Dava, davacının, kur farkından kaynaklanan alacağının tahsili için davalı aleyhine giriştiği icra takibine vâki itirazın İİK’nun 67.maddesi gereğince iptali ile takibin devamına ve icra inkâr tazminatı istemine ilişkindir.
Bakırköy …. İcra Müdürlüğü’nün … esas sayılı takip dosyası incelendiğinde; davacının davalılar aleyhinde 11.160,00 Euro asıl alacak, 1.195,42 Euro işlemiş faiz olmak üzere toplam 12.355,42 Euro alacağın işleyecek avans faizi ile birlikte tahsili için ilamsız icra takibine geçildiği, borçlulara ödeme emrinin tebliği üzerine borçluların süresinde, borca itiraz ederek takibin durmasına sebebiyet verdiği, İcra Müdürlüğü’nce takibin durdurulmasına karar verildiği, davanın yasal bir yıllık süre içerisinde açıldığı anlaşılmıştır.

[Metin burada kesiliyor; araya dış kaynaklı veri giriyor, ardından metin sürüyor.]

(* Let $\varphi$ be a smooth skew-morphism of a finite group $A$, of order $n$, with power function $\pi:A\to\mathbb{Z}_n$. Then: (i) $\pi$ takes values in the unit group $\mathbb{Z}_n^*$ and is a group homomorphism $A\to\mathbb{Z}_n^*$ whose kernel is $\mathrm{Ker}\,\varphi$; (ii) for any $\varphi$-invariant normal subgroup $N$ of $A$, the induced skew-morphism $\bar\varphi$ of $A/N$ is smooth, and if $N=\mathrm{Ker}\,\varphi$ then $\bar\varphi$ is the identity permutation; (iii) for every positive integer $k$, $\varphi^k$ is a smooth skew-morphism of $A$; (iv) for every automorphism $\gamma$ of $A$, $\gamma^{-1}\varphi\gamma$ is a smooth skew-morphism of $A$.
   Context: A skew-morphism of a finite group $A$ is a permutation $\varphi$ of the set $A$ with $\varphi(1)=1$ for which there exists a function $\pi:A\to\mathbb{Z}_n$, where $n$ is the order of $\varphi$ as a permutation, such that $\varphi(xy)=\varphi(x)\varphi^{\pi(x)}(y)$ for all $x,y\in A$; $\pi$ is the power function. The kernel is $\mathrm{Ker}\,\varphi=\{x\in A:\pi(x)=1\}$, and the core is $\mathrm{Core}\,\varphi=\bigcap_{i=1}^n\varphi^i(\mathrm{Ker}\,\varphi)$, a $\varphi$-invariant normal subgroup. $\varphi$ is smooth if $\varphi(x)\in x\,\mathrm{Core}\,\varphi$ for all $x\in A$. For a $\varphi$-invariant normal subgroup $N$ (i.e. $\varphi(N)=N$), the induced skew-morphism of $A/N$ is $\bar\varphi(xN)=\varphi(x)N$, with power function $\bar\pi(xN)\equiv\pi(x)\pmod{|\bar\varphi|}$. *)

theory Defs
  imports "HOL-Algebra.Algebra"
begin

definition perm_ord :: "('a, 'b) monoid_scheme \<Rightarrow> ('a \<Rightarrow> 'a) \<Rightarrow> nat" where
  "perm_ord G phi = (LEAST n. 0 < n \<and> (\<forall>x\<in>carrier G. (phi ^^ n) x = x))"

(* phi is a skew-morphism of G with power function pw : A -> Z_n,
   Z_n represented by {0..<n}, n = perm_ord G phi *)
definition skew_morphism :: "('a, 'b) monoid_scheme \<Rightarrow> ('a \<Rightarrow> 'a) \<Rightarrow> ('a \<Rightarrow> nat) \<Rightarrow> bool" where
  "skew_morphism G phi pw \<longleftrightarrow>
     bij_betw phi (carrier G) (carrier G) \<and> phi \<one>\<^bsub>G\<^esub> = \<one>\<^bsub>G\<^esub> \<and>
     (\<forall>x\<in>carrier G. pw x < perm_ord G phi) \<and>
     (\<forall>x\<in>carrier G. \<forall>y\<in>carrier G.
        phi (x \<otimes>\<^bsub>G\<^esub> y) = phi x \<otimes>\<^bsub>G\<^esub> (phi ^^ pw x) y)"

definition skew_kernel :: "('a, 'b) monoid_scheme \<Rightarrow> ('a \<Rightarrow> 'a) \<Rightarrow> ('a \<Rightarrow> nat) \<Rightarrow> 'a set" where
  "skew_kernel G phi pw = {x \<in> carrier G. pw x = 1 mod perm_ord G phi}"

definition skew_core :: "('a, 'b) monoid_scheme \<Rightarrow> ('a \<Rightarrow> 'a) \<Rightarrow> ('a \<Rightarrow> nat) \<Rightarrow> 'a set" where
  "skew_core G phi pw = (\<Inter>i\<in>{1..perm_ord G phi}. (phi ^^ i) ` skew_kernel G phi pw)"

definition smooth_skew :: "('a, 'b) monoid_scheme \<Rightarrow> ('a \<Rightarrow> 'a) \<Rightarrow> ('a \<Rightarrow> nat) \<Rightarrow> bool" where
  "smooth_skew G phi pw \<longleftrightarrow> skew_morphism G phi pw \<and>
     (\<forall>x\<in>carrier G. phi x \<in> x <#\<^bsub>G\<^esub> skew_core G phi pw)"

definition is_smooth_skew :: "('a, 'b) monoid_scheme \<Rightarrow> ('a \<Rightarrow> 'a) \<Rightarrow> bool" where
  "is_smooth_skew G phi \<longleftrightarrow> (\<exists>pw. smooth_skew G phi pw)"

(* induced map on A/N: xN |-> phi(x)N (cosets of G Mod N are N #> x) *)
definition induced_skew :: "('a, 'b) monoid_scheme \<Rightarrow> 'a set \<Rightarrow> ('a \<Rightarrow> 'a) \<Rightarrow> 'a set \<Rightarrow> 'a set" where
  "induced_skew G N phi = (\<lambda>C. N #>\<^bsub>G\<^esub> phi (SOME x. x \<in> C))"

Taraflarca gösterilen deliller toplanmış ve konunun incelenmesinde uzmanlık gerektiren yönler olduğundan bilirkişi incelemesi yaptırılmak suretiyle dava sonuçlandırılmıştır.
14/04/2020 tarihli bilirkişi raporunda özetle; 25.06.2018 takip tarihi itibariyle davacı …’ın davalılardan 3.919.75 £ (5.4809 kur) karşılığı 21.483.76 TL alacak bakiyesinin olduğunun tespit edildiğini bildirmiştir.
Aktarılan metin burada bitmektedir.